| Task brief |
Find all lines in the records that include the word "thesis", and copy them out.

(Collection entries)
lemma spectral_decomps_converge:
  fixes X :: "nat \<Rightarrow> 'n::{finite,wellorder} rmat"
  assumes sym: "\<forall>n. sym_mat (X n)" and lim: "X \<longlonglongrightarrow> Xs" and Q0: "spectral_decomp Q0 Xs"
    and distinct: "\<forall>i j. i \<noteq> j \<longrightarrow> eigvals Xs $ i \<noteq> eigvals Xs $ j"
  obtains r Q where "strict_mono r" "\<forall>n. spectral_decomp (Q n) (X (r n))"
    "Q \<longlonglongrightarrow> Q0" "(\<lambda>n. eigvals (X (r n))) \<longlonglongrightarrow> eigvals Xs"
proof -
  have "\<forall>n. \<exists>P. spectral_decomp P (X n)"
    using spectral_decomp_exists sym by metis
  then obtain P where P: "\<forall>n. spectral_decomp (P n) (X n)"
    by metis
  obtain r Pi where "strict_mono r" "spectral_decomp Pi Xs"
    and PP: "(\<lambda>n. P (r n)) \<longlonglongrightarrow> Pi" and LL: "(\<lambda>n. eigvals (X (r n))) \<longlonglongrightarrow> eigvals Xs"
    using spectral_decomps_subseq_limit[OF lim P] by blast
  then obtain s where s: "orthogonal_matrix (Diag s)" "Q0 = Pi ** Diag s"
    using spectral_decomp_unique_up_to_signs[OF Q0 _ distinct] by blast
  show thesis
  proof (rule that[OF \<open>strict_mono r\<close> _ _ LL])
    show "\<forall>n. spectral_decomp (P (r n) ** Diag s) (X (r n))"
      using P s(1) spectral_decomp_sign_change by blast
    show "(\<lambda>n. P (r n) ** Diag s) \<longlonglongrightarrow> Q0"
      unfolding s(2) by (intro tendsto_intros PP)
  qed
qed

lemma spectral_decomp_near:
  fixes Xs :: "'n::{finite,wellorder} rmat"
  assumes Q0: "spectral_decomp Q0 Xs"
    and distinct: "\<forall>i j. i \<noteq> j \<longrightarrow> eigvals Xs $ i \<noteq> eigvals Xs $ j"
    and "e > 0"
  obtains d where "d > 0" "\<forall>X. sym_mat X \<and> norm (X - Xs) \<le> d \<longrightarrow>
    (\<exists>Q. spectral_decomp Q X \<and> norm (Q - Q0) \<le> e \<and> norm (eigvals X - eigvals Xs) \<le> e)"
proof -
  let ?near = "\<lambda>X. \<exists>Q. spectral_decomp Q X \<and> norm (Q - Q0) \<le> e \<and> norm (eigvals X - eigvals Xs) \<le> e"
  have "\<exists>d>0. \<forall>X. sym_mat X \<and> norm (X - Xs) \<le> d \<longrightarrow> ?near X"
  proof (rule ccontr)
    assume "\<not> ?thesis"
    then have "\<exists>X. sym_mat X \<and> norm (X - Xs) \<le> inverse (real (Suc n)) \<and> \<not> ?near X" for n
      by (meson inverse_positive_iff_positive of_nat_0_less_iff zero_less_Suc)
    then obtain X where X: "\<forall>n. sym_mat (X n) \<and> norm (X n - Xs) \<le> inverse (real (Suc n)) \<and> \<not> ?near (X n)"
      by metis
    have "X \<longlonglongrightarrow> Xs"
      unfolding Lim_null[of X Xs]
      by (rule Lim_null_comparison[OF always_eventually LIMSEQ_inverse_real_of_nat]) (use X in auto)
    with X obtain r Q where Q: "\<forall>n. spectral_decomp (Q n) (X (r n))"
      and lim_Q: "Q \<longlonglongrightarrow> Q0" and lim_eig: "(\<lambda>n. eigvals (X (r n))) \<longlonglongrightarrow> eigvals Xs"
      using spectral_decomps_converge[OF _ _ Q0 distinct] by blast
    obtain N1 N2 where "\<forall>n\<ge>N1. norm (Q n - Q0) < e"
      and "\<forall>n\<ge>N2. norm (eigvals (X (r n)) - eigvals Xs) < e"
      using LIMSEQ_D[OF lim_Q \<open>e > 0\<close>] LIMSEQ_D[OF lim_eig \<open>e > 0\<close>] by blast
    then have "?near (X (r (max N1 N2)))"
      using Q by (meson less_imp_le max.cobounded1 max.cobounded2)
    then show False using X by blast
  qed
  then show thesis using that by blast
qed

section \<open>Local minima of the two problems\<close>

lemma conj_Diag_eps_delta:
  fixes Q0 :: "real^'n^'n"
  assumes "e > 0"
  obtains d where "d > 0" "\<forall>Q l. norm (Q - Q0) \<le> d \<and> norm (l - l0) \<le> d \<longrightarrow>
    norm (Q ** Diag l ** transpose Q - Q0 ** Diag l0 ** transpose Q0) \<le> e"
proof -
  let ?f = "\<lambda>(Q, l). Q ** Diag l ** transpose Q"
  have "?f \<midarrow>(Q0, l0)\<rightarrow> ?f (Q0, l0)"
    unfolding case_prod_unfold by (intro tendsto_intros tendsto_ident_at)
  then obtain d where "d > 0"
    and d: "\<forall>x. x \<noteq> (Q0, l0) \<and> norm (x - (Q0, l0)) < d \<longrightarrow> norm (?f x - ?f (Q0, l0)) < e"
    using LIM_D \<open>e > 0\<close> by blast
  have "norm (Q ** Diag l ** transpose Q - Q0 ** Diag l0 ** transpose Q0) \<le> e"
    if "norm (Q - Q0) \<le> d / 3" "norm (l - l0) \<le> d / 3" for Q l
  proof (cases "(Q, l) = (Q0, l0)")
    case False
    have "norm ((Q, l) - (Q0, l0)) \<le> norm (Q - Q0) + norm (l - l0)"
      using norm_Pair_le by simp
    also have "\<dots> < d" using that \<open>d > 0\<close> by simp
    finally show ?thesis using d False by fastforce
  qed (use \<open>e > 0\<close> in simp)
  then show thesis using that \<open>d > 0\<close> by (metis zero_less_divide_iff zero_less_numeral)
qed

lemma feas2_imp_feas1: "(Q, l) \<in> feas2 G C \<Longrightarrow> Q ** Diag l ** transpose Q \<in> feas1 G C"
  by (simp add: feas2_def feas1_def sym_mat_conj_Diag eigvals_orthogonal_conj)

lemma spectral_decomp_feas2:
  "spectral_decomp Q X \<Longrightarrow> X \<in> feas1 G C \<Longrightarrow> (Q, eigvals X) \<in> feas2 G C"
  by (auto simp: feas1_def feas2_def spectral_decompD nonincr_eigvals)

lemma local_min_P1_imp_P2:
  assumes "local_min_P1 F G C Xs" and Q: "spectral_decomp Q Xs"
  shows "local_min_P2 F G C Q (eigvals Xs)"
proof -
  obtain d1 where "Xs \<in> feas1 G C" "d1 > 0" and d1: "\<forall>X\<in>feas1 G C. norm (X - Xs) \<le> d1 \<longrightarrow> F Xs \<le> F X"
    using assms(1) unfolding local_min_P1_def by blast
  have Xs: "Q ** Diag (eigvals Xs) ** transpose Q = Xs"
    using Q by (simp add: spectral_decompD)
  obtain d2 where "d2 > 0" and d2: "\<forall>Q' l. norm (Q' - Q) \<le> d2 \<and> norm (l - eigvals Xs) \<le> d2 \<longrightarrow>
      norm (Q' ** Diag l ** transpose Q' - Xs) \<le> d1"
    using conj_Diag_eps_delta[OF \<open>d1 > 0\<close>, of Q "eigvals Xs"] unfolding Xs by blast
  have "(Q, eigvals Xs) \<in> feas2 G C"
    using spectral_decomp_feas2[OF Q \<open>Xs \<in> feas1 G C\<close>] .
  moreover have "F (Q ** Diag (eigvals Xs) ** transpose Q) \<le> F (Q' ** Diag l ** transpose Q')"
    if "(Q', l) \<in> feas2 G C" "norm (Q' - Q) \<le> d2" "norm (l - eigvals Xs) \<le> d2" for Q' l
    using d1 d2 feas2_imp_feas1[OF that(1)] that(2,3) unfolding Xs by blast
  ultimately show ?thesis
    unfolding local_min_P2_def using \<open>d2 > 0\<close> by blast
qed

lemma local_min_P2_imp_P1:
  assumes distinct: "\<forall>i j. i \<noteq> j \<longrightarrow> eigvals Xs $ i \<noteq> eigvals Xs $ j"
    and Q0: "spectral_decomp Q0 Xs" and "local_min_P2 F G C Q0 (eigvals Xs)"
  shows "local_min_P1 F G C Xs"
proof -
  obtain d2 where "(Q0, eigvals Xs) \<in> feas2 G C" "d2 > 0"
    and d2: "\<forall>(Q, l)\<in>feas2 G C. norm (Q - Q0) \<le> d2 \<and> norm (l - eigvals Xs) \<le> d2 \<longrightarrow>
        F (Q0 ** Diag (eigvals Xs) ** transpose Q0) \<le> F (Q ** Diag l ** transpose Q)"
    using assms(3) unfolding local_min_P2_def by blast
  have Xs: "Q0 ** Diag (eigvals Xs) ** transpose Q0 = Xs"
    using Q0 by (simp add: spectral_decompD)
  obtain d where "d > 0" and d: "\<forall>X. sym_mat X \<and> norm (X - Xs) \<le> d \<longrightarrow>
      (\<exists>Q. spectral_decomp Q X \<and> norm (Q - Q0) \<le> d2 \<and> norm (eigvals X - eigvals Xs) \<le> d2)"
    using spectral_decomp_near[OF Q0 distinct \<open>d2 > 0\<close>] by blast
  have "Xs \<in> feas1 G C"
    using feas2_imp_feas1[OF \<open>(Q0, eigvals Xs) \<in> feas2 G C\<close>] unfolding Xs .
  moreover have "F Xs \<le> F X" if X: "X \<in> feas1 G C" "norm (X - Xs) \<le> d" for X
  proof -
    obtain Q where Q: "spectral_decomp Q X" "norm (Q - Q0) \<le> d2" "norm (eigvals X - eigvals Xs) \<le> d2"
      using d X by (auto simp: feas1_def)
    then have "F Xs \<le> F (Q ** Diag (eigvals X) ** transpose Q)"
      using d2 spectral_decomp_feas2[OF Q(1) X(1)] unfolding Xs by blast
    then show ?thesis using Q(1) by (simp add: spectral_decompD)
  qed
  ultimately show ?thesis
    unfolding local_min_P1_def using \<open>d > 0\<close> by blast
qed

| Solved problem |
  show thesis
    assume "\<not> ?thesis"
  then show thesis using that by blast
    finally show ?thesis using d False by fastforce
  then show thesis using that \<open>d > 0\<close> by (metis zero_less_divide_iff zero_less_numeral)
  ultimately show ?thesis
    then show ?thesis using Q(1) by (simp add: spectral_decompD)
  ultimately show ?thesis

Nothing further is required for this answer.